text \<open>Let \<open>a\<close> be an element of order 3 in \<open>H\<^sub>1 \<inter> H\<^sub>2\<close>. As \<open>H\<^sub>3 \<inter> H\<^sub>4\<close> is the unique subgroup of
  order 3 of both \<open>H\<^sub>3\<close> and \<open>H\<^sub>4\<close>, the element \<open>a\<close> lies in neither or in both, so exactly 2 or 4
  cyclic subgroups of order 6 contain \<open>a\<close>. But \<open>t \<mapsto> \<langle>t a\<rangle>\<close> is a bijection from the involutions
  of the centralizer \<open>C(a)\<close> onto these subgroups (with inverse \<open>\<langle>y\<rangle> \<mapsto> y\<^sup>3\<close>). Hence \<open>C(a)\<close> contains an
  involution, so has even order, and a group of even order has an odd number of involutions:
  inversion pairs off all other non-identity elements.\<close>

lemma even_card_if_fixpoint_free_involution:
  assumes "finite A" "\<And>x. x \<in> A \<Longrightarrow> f x \<in> A" "\<And>x. x \<in> A \<Longrightarrow> f (f x) = x"
    "\<And>x. x \<in> A \<Longrightarrow> f x \<noteq> x"
  shows "even (card A)"
  using assms
proof (induction "card A" arbitrary: A rule: less_induct)
  case less
  show ?case
  proof (cases "A = {}")
    case False
    then obtain x where x: "x \<in> A" by blast
    have fx: "f x \<in> A" "f x \<noteq> x" using less x by auto
    let ?B = "A - {x, f x}"
    have "card {x, f x} = 2" "{x, f x} \<subseteq> A" using x fx by auto
    then have card_B: "card A = card ?B + 2"
      using less(2) card_Diff_subset[of "{x, f x}" A] card_mono[of A "{x, f x}"] by simp
    have "even (card ?B)"
    proof (rule less(1))
      show "card ?B < card A" using card_B by simp
      show "finite ?B" using less(2) by simp
      fix y assume "y \<in> ?B"
      then have y: "y \<in> A" "y \<noteq> x" "y \<noteq> f x" by auto
      have "f y \<noteq> x" using y less(4)[OF y(1)] by auto
      moreover have "f y \<noteq> f x"
      proof
        assume "f y = f x"
        then have "f (f y) = f (f x)" by simp
        then show False using y less(4) x by simp
      qed
      ultimately show "f y \<in> ?B" using less(3) y by simp
      show "f (f y) = y" "f y \<noteq> y" using y less(4,5) by auto
    qed
    then show ?thesis using card_B by simp
  qed simp
qed
text \<open>The periods of X form a subgroup, and X is a union of its cosets.\<close>
lemma pG_le_card_if_periodic:
  fixes X :: "'a::{ab_group_add,finite} set"
  assumes "X \<noteq> {}" "d \<noteq> 0" "\<forall>x\<in>X. x + d \<in> X"
  shows "pG TYPE('a) \<le> card X"
proof -
  define H where "H = {h. \<forall>x\<in>X. x + h \<in> X}"
  have shift_onto: "(\<lambda>x. x + h) ` X = X" if "h \<in> H" for h
    using that unfolding H_def by (intro endo_inj_surj) (auto simp: inj_on_def)
  have "- h \<in> H" if "h \<in> H" for h
  proof -
    have "x + - h \<in> X" if "x \<in> X" for x
    proof -
      obtain z where "z \<in> X" "x = z + h"
        using \<open>x \<in> X\<close> shift_onto[OF \<open>h \<in> H\<close>] by force
      then show ?thesis
        by simp
    qed
    then show ?thesis
      unfolding H_def by simp
  qed
  then have "add_subgroup H"
    unfolding add_subgroup_def H_def by (simp add: add.assoc[symmetric])
  moreover have "H \<noteq> {0}"
    using assms(2,3) unfolding H_def by auto
  ultimately have "pG TYPE('a) \<le> card H"
    by (rule pG_le_card_subgroup)
  also obtain x where "x \<in> X"
    using assms(1) by auto
  then have "card H \<le> card X"
    unfolding H_def by (intro card_inj_on_le[of "\<lambda>h. x + h"]) (auto simp: inj_on_def add.commute)
  finally show ?thesis .
qed

lemma ex_translate_notin:
  fixes X :: "'a::{ab_group_add,finite} set"
  assumes "X \<noteq> {}" "d \<noteq> 0" "card X < pG TYPE('a)"
  shows "\<exists>x\<in>X. x + d \<notin> X"
  using pG_le_card_if_periodic[OF assms(1,2)] assms(3) by auto

lemma double_neq_zero:
  fixes z :: "'a::{ab_group_add,finite}"
  assumes "z \<noteq> 0" "2 < pG TYPE('a)"
  shows "z + z \<noteq> 0"
proof
  assume "z + z = 0"
  then have "pG TYPE('a) \<le> card {0, z}"
    by (intro pG_le_card_if_periodic[of _ z]) (use assms in auto)
  also have "\<dots> \<le> 2"
    by (simp add: card_insert_le_m1)
  finally show False
    using assms by simp
qed

text \<open>Two point reflections compose to a translation, by twice the distance of their centres.\<close>
lemma pG_le_card_if_reflection_closed:
  fixes Z :: "'a::{ab_group_add,finite} set"
  assumes "c\<^sub>1 \<in> Z" "c\<^sub>2 \<in> Z" "c\<^sub>1 \<noteq> c\<^sub>2" "2 < pG TYPE('a)"
    and reflect: "\<forall>c\<in>Z. \<forall>y\<in>Z. c + c - y \<in> Z"
  shows "pG TYPE('a) \<le> card Z"
proof (rule pG_le_card_if_periodic)
  show "(c\<^sub>2 - c\<^sub>1) + (c\<^sub>2 - c\<^sub>1) \<noteq> 0"
    using double_neq_zero[of "c\<^sub>2 - c\<^sub>1"] assms(3,4) by simp
  show "\<forall>y\<in>Z. y + ((c\<^sub>2 - c\<^sub>1) + (c\<^sub>2 - c\<^sub>1)) \<in> Z"
  proof
    fix y assume "y \<in> Z"
    then have "c\<^sub>2 + c\<^sub>2 - (c\<^sub>1 + c\<^sub>1 - y) \<in> Z"
      using reflect assms(1,2) by blast
    then show "y + ((c\<^sub>2 - c\<^sub>1) + (c\<^sub>2 - c\<^sub>1)) \<in> Z"
      by (simp add: algebra_simps)
  qed
qed (use assms in auto)

section \<open>The Cauchy-Davenport theorem\<close>

lemma card_le_card_set_plus:
  fixes S T :: "'a::{ab_group_add,finite} set"
  assumes "T \<noteq> {}"
  shows "card S \<le> card (S + T)"
proof -
  obtain t where "t \<in> T"
    using assms by auto
  then have "S + {t} \<subseteq> S + T"
    by (auto simp: set_plus_def)
  then show ?thesis
    using card_mono[of "S + T" "S + {t}"] card_plus_sing[of S t] by simp
qed
lemma never_visit_harmonic: "never_visit j k = taboo_step j (never_visit j) k"
proof (rule LIMSEQ_unique)
  show "(\<lambda>n. avoid_prob j (Suc n) k) \<longlonglongrightarrow> never_visit j k"
    by (rule LIMSEQ_Suc[OF avoid_prob_tendsto])
  show "(\<lambda>n. avoid_prob j (Suc n) k) \<longlonglongrightarrow> taboo_step j (never_visit j) k"
    unfolding avoid_prob_Suc taboo_step_def by (intro tendsto_sum tendsto_mult_left avoid_prob_tendsto)
qed

(* With rho = 1 + mu / lam the gain lam (rho - 1) from the upward jump is exactly offset by
   the suppressed jump to j. Truncated subtraction makes lyap j constant below j. *)
definition lyap :: "nat \<Rightarrow> nat \<Rightarrow> real" where
  "lyap j l = (1 + mu / lam) ^ (l - j)"

lemma lyap_base_gt_1: "1 < 1 + mu / lam"
  using lam_pos mu_pos by simp

lemma lyap_pos: "0 < lyap j l"
  unfolding lyap_def using lyap_base_gt_1 by simp

lemma lyap_mono: "l \<le> k \<Longrightarrow> lyap j l \<le> lyap j k"
  unfolding lyap_def using lyap_base_gt_1 by (intro power_increasing) auto

lemma taboo_step_lyap_le:
  assumes "k \<noteq> j"
  shows "taboo_step j (lyap j) k \<le> lyap j k"
proof (cases "k < j")
  case True
  have "taboo_step j (lyap j) k \<le> (\<Sum>l\<le>Suc k. J k l)"
    unfolding taboo_step_def
  proof (rule sum_mono)
    fix l assume "l \<in> {..Suc k}"
    then have "lyap j l = 1" using True by (simp add: lyap_def)
    then show "taboo j k l * lyap j l \<le> J k l" by (simp add: taboo_def jump_nonneg)
  qed
  also have "\<dots> = lyap j k" using True by (simp add: jump_row_sum lyap_def)
  finally show ?thesis .
next
  case False
  with assms have "j < k" by simp
  have "taboo_step j (lyap j) k
      \<le> (\<Sum>l\<le>Suc k. J k l * lyap j k + (if l = Suc k then mu / c k * lyap j k else 0)
                                        - (if l = j then mu / c k * lyap j k else 0))"
    unfolding taboo_step_def
  proof (rule sum_mono)
    fix l assume "l \<in> {..Suc k}"
    then consider "l = Suc k" | "l = j" | "l = k" | "l < k" "l \<noteq> j" by force
    then show "taboo j k l * lyap j l \<le> J k l * lyap j k + (if l = Suc k then mu / c k * lyap j k else 0)
                                        - (if l = j then mu / c k * lyap j k else 0)"
    proof cases
      case 1
      have "lam * lyap j (Suc k) = lam * lyap j k + mu * lyap j k"
        using \<open>j < k\<close> lam_pos by (simp add: lyap_def Suc_diff_le field_simps)
      then show ?thesis using 1 \<open>j < k\<close> by (simp add: taboo_def jump_eq add_divide_distrib)
    next
      case 4
      then have "mu / c k * lyap j l \<le> mu / c k * lyap j k"
        using lyap_mono[of l k j] crate_pos[of k] mu_pos by (intro mult_left_mono) auto
      then show ?thesis using 4 by (simp add: taboo_def jump_eq mult.commute)
    qed (use \<open>j < k\<close> in \<open>simp_all add: taboo_def jump_eq\<close>)
  qed
  also have "\<dots> = lyap j k"
    using \<open>j < k\<close> by (simp add: sum.distrib sum_subtractf sum_distrib_right[symmetric] jump_row_sum)
  finally show ?thesis .
qed

lemma taboo_step_less_max:
  assumes "k \<noteq> j" and "0 < M" and le_M: "\<And>l. l \<noteq> j \<Longrightarrow> u l \<le> M"
    and less_M: "\<And>l. l \<noteq> j \<Longrightarrow> k < l \<Longrightarrow> u l < M"
  shows "taboo_step j u k < M"
proof -
  have "taboo_step j u k < (\<Sum>l\<le>Suc k. J k l * M)"
    unfolding taboo_step_def
  proof (rule sum_strict_mono_ex1)
    show "\<forall>l\<in>{..Suc k}. taboo j k l * u l \<le> J k l * M"
      using le_M \<open>0 < M\<close> jump_nonneg by (auto simp: taboo_def intro: mult_left_mono)
    show "\<exists>l\<in>{..Suc k}. taboo j k l * u l < J k l * M"
    proof (cases "j \<le> Suc k")
      case True
      then have "0 < J k j" using \<open>k \<noteq> j\<close>
        by (cases "j = Suc k") (auto intro: jump_up_pos jump_down_pos)
      then show ?thesis using True \<open>0 < M\<close> by (intro bexI[of _ j]) (auto simp: taboo_def)
    next
      case False
      then show ?thesis using less_M[of "Suc k"] jump_up_pos[of k]
        by (intro bexI[of _ "Suc k"]) (auto simp: taboo_def)
    qed
  qed simp
  also have "\<dots> = M" by (simp add: sum_distrib_right[symmetric] jump_row_sum)
  finally show ?thesis .
qed

lemma never_visit_eq_0:
  assumes "k \<noteq> j"
  shows "never_visit j k = 0"
proof (rule ccontr)
  assume "never_visit j k \<noteq> 0"
  then have pos: "0 < never_visit j k" using never_visit_nonneg[of j k] by simp
  define eps where "eps = never_visit j k / (2 * lyap j k)"
  have eps: "0 < eps" using pos lyap_pos[of j k] by (simp add: eps_def)
  define u where "u l = never_visit j l - eps * lyap j l" for l
  have uk: "0 < u k" using pos lyap_pos[of j k] by (simp add: u_def eps_def)
  obtain n where n: "1 / eps < (1 + mu / lam) ^ n" using real_arch_pow[OF lyap_base_gt_1] by blast
  have u_neg: "u l < 0" if "j + n < l" for l
  proof -
    have "(1 + mu / lam) ^ n \<le> lyap j l"
      unfolding lyap_def using that lyap_base_gt_1 by (intro power_increasing) auto
    then have "eps * (1 + mu / lam) ^ n \<le> eps * lyap j l" using eps by simp
    moreover have "1 < eps * (1 + mu / lam) ^ n" using n eps by (simp add: field_simps)
    ultimately show ?thesis using never_visit_le_1[of j l] by (simp add: u_def)
  qed
  obtain m where "m \<noteq> j" and le_m: "\<And>l. l \<noteq> j \<Longrightarrow> u l \<le> u m"
    and less_m: "\<And>l. l \<noteq> j \<Longrightarrow> m < l \<Longrightarrow> u l < u m"
    by (rule obtain_last_maximizer[of "\<lambda>l. l \<noteq> j" k "j + n" u]) (use assms uk in \<open>auto dest!: u_neg\<close>)
  have "u m \<le> taboo_step j u m"
  proof -
    have "eps * taboo_step j (lyap j) m \<le> eps * lyap j m"
      using taboo_step_lyap_le[OF \<open>m \<noteq> j\<close>] eps by simp
    then show ?thesis
      unfolding u_def taboo_step_diff never_visit_harmonic[of j m, symmetric] by simp
  qed
  moreover have "taboo_step j u m < u m"
    using taboo_step_less_max[OF \<open>m \<noteq> j\<close> _ le_m less_m] uk le_m[of k] assms by simp
  ultimately show False by simp
qed

lemma jump_recurrent: "dtmc_recurrent J"
  unfolding dtmc_recurrent_def recurrent_state_def
proof
  fix j
  have "never_visit j j = taboo_step j (never_visit j) j" by (rule never_visit_harmonic)
  also have "\<dots> = 0"
    unfolding taboo_step_def by (rule sum.neutral) (auto simp: taboo_def never_visit_eq_0)
  finally have "(\<lambda>n. 1 - avoid_prob j n j) \<longlonglongrightarrow> 1"
    using tendsto_diff[OF tendsto_const avoid_prob_tendsto, of 1 j j] by simp
  then have "(\<lambda>n. \<Sum>m<Suc n. first_passage J m j j) \<longlonglongrightarrow> 1"
    by (simp add: avoid_prob_def lessThan_Suc_atMost)
  then show "(\<lambda>n. first_passage J n j j) sums 1"
    unfolding sums_def by (rule LIMSEQ_imp_Suc)
qed

end

section \<open>A minimum principle for the backward equations\<close>

lemma backward_nonneg_solution_continuous_on:
  assumes "backward_nonneg_solution q p"
  shows "continuous_on {0..} (\<lambda>s. p s x y)"
proof -
  have "continuous (at s within {0..}) (\<lambda>s. p s x y)" if "0 \<le> s" for s
  proof (cases "s = 0")
    case True
    have "((\<lambda>s. p s x y) \<longlongrightarrow> p 0 x y) (at_right 0)"
      using assms unfolding backward_nonneg_solution_def by blast
    then show ?thesis using True by (simp add: continuous_within at_within_Ici_at_right)
  next
    case False
    with that have "0 < s" by simp
    with assms have "((\<lambda>s. p s x y) has_real_derivative (\<Sum>z. q x z * p s z y)) (at s)"
      unfolding backward_nonneg_solution_def by blast
    then show ?thesis by (rule continuous_at_imp_continuous_at_within[OF DERIV_isCont])
  qed
  then show ?thesis by (simp add: continuous_on_eq_continuous_within)
qed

____________

*EXERCISE DETAILS:*
Set down exactly the lines of the data above, beginning with the line that has "finally show False" and ending with the line that has "- c\<^sub>1) \<noteq>", and no others.

*RESULT FOR THIS TASK:*
  finally show False
    using assms by simp
qed

text \<open>Two point reflections compose to a translation, by twice the distance of their centres.\<close>
lemma pG_le_card_if_reflection_closed:
  fixes Z :: "'a::{ab_group_add,finite} set"
  assumes "c\<^sub>1 \<in> Z" "c\<^sub>2 \<in> Z" "c\<^sub>1 \<noteq> c\<^sub>2" "2 < pG TYPE('a)"
    and reflect: "\<forall>c\<in>Z. \<forall>y\<in>Z. c + c - y \<in> Z"
  shows "pG TYPE('a) \<le> card Z"
proof (rule pG_le_card_if_periodic)
  show "(c\<^sub>2 - c\<^sub>1) + (c\<^sub>2 - c\<^sub>1) \<noteq> 0"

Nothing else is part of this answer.